(* Let $-1$ denote the automorphism of $\mathcal A_\theta^{alg}$ with $U_1\mapsto U_1^{-1}$, $U_2\mapsto U_2^{-1}$, and let $H^0(\mathcal A_\theta^{alg},{}_{-1}\mathcal A_\theta^{alg\ast})$ be the space of formal series $\varphi=\sum\varphi_{n,m}U_1^nU_2^m$ with $((-1)\cdot a)\varphi=\varphi a$ for all $a\in\mathcal A_\theta^{alg}$. Let $\mathbb Z_6$ be generated by the automorphism $-\omega$ with $U_1\mapsto U_2$, $U_2\mapsto\lambda^{-1/2}U_1^{-1}U_2$, acting termwise on this space. Then $H^0(\mathcal A_\theta^{alg},{}_{-1}\mathcal A_\theta^{alg\ast})^{\mathbb Z_6}\cong\mathbb C^2$.
   Context: Let $\theta\in\mathbb R\setminus\mathbb Q$, $\lambda=e^{2\pi i\theta}$, $\lambda^s:=e^{2\pi i\theta s}$. $\mathcal A_\theta^{alg}$ is the complex algebra of finite sums $\sum a_{n,m}U_1^nU_2^m$ with $U_1,U_2$ invertible and $U_2U_1=\lambda U_1U_2$; formal series $\sum_{(n,m)\in\mathbb Z^2}\varphi_{n,m}U_1^nU_2^m$ with arbitrary coefficients form an $\mathcal A_\theta^{alg}$-bimodule via multiplication. Termwise action of an automorphism $h$: $h\cdot\sum\varphi_{n,m}U_1^nU_2^m=\sum\varphi_{n,m}\,h\cdot(U_1^nU_2^m)$. *)

theory Defs
  imports Complex_Main
begin

(* Coefficient functions indexed by (n,m) \<in> \<int>\<^sup>2 represent sum phi(n,m) U1^n U2^m.
   Elements of A_theta^alg: finitely supported ones; formal series: arbitrary ones. *)
type_synonym coeffs = "int \<times> int \<Rightarrow> complex"

definition lam :: "real \<Rightarrow> real \<Rightarrow> complex" where
  "lam \<theta> s = exp (complex_of_real (2 * pi * \<theta> * s) * \<i>)"

definition supp :: "coeffs \<Rightarrow> (int \<times> int) set" where
  "supp a = {k. a k \<noteq> 0}"

definition isalg :: "coeffs \<Rightarrow> bool" where
  "isalg a \<longleftrightarrow> finite (supp a)"

definition psub :: "int \<times> int \<Rightarrow> int \<times> int \<Rightarrow> int \<times> int" where
  "psub k p = (fst k - fst p, snd k - snd p)"

(* (U1^n U2^m)(U1^p U2^q) = lam^(m p) U1^(n+p) U2^(m+q), from U2 U1 = lam U1 U2 *)
definition lmul :: "real \<Rightarrow> coeffs \<Rightarrow> coeffs \<Rightarrow> coeffs" where
  "lmul \<theta> a \<phi> k = (\<Sum>p\<in>supp a. a p * \<phi> (psub k p) * lam \<theta> (of_int (snd p * fst (psub k p))))"

definition rmul :: "real \<Rightarrow> coeffs \<Rightarrow> coeffs \<Rightarrow> coeffs" where
  "rmul \<theta> \<phi> a k = (\<Sum>q\<in>supp a. \<phi> (psub k q) * a q * lam \<theta> (of_int (snd (psub k q) * fst q)))"

definition mono :: "int \<times> int \<Rightarrow> coeffs" where
  "mono p = (\<lambda>k. if k = p then 1 else 0)"

definition aone :: coeffs where "aone = mono (0, 0)"

definition aneg :: "coeffs \<Rightarrow> coeffs" where
  "aneg a k = a (- fst k, - snd k)"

---------------

WHAT IS EXPECTED:
Your answer must consist solely of the lines from the top of the entries above through the line containing "a \<longleftrightarrow> finite", copied exactly, both ends included.

SOLUTION TO THIS TASK:
(* Let $-1$ denote the automorphism of $\mathcal A_\theta^{alg}$ with $U_1\mapsto U_1^{-1}$, $U_2\mapsto U_2^{-1}$, and let $H^0(\mathcal A_\theta^{alg},{}_{-1}\mathcal A_\theta^{alg\ast})$ be the space of formal series $\varphi=\sum\varphi_{n,m}U_1^nU_2^m$ with $((-1)\cdot a)\varphi=\varphi a$ for all $a\in\mathcal A_\theta^{alg}$. Let $\mathbb Z_6$ be generated by the automorphism $-\omega$ with $U_1\mapsto U_2$, $U_2\mapsto\lambda^{-1/2}U_1^{-1}U_2$, acting termwise on this space. Then $H^0(\mathcal A_\theta^{alg},{}_{-1}\mathcal A_\theta^{alg\ast})^{\mathbb Z_6}\cong\mathbb C^2$.
   Context: Let $\theta\in\mathbb R\setminus\mathbb Q$, $\lambda=e^{2\pi i\theta}$, $\lambda^s:=e^{2\pi i\theta s}$. $\mathcal A_\theta^{alg}$ is the complex algebra of finite sums $\sum a_{n,m}U_1^nU_2^m$ with $U_1,U_2$ invertible and $U_2U_1=\lambda U_1U_2$; formal series $\sum_{(n,m)\in\mathbb Z^2}\varphi_{n,m}U_1^nU_2^m$ with arbitrary coefficients form an $\mathcal A_\theta^{alg}$-bimodule via multiplication. Termwise action of an automorphism $h$: $h\cdot\sum\varphi_{n,m}U_1^nU_2^m=\sum\varphi_{n,m}\,h\cdot(U_1^nU_2^m)$. *)

theory Defs
  imports Complex_Main
begin

(* Coefficient functions indexed by (n,m) \<in> \<int>\<^sup>2 represent sum phi(n,m) U1^n U2^m.
   Elements of A_theta^alg: finitely supported ones; formal series: arbitrary ones. *)
type_synonym coeffs = "int \<times> int \<Rightarrow> complex"

definition lam :: "real \<Rightarrow> real \<Rightarrow> complex" where
  "lam \<theta> s = exp (complex_of_real (2 * pi * \<theta> * s) * \<i>)"

definition supp :: "coeffs \<Rightarrow> (int \<times> int) set" where
  "supp a = {k. a k \<noteq> 0}"

definition isalg :: "coeffs \<Rightarrow> bool" where
  "isalg a \<longleftrightarrow> finite (supp a)"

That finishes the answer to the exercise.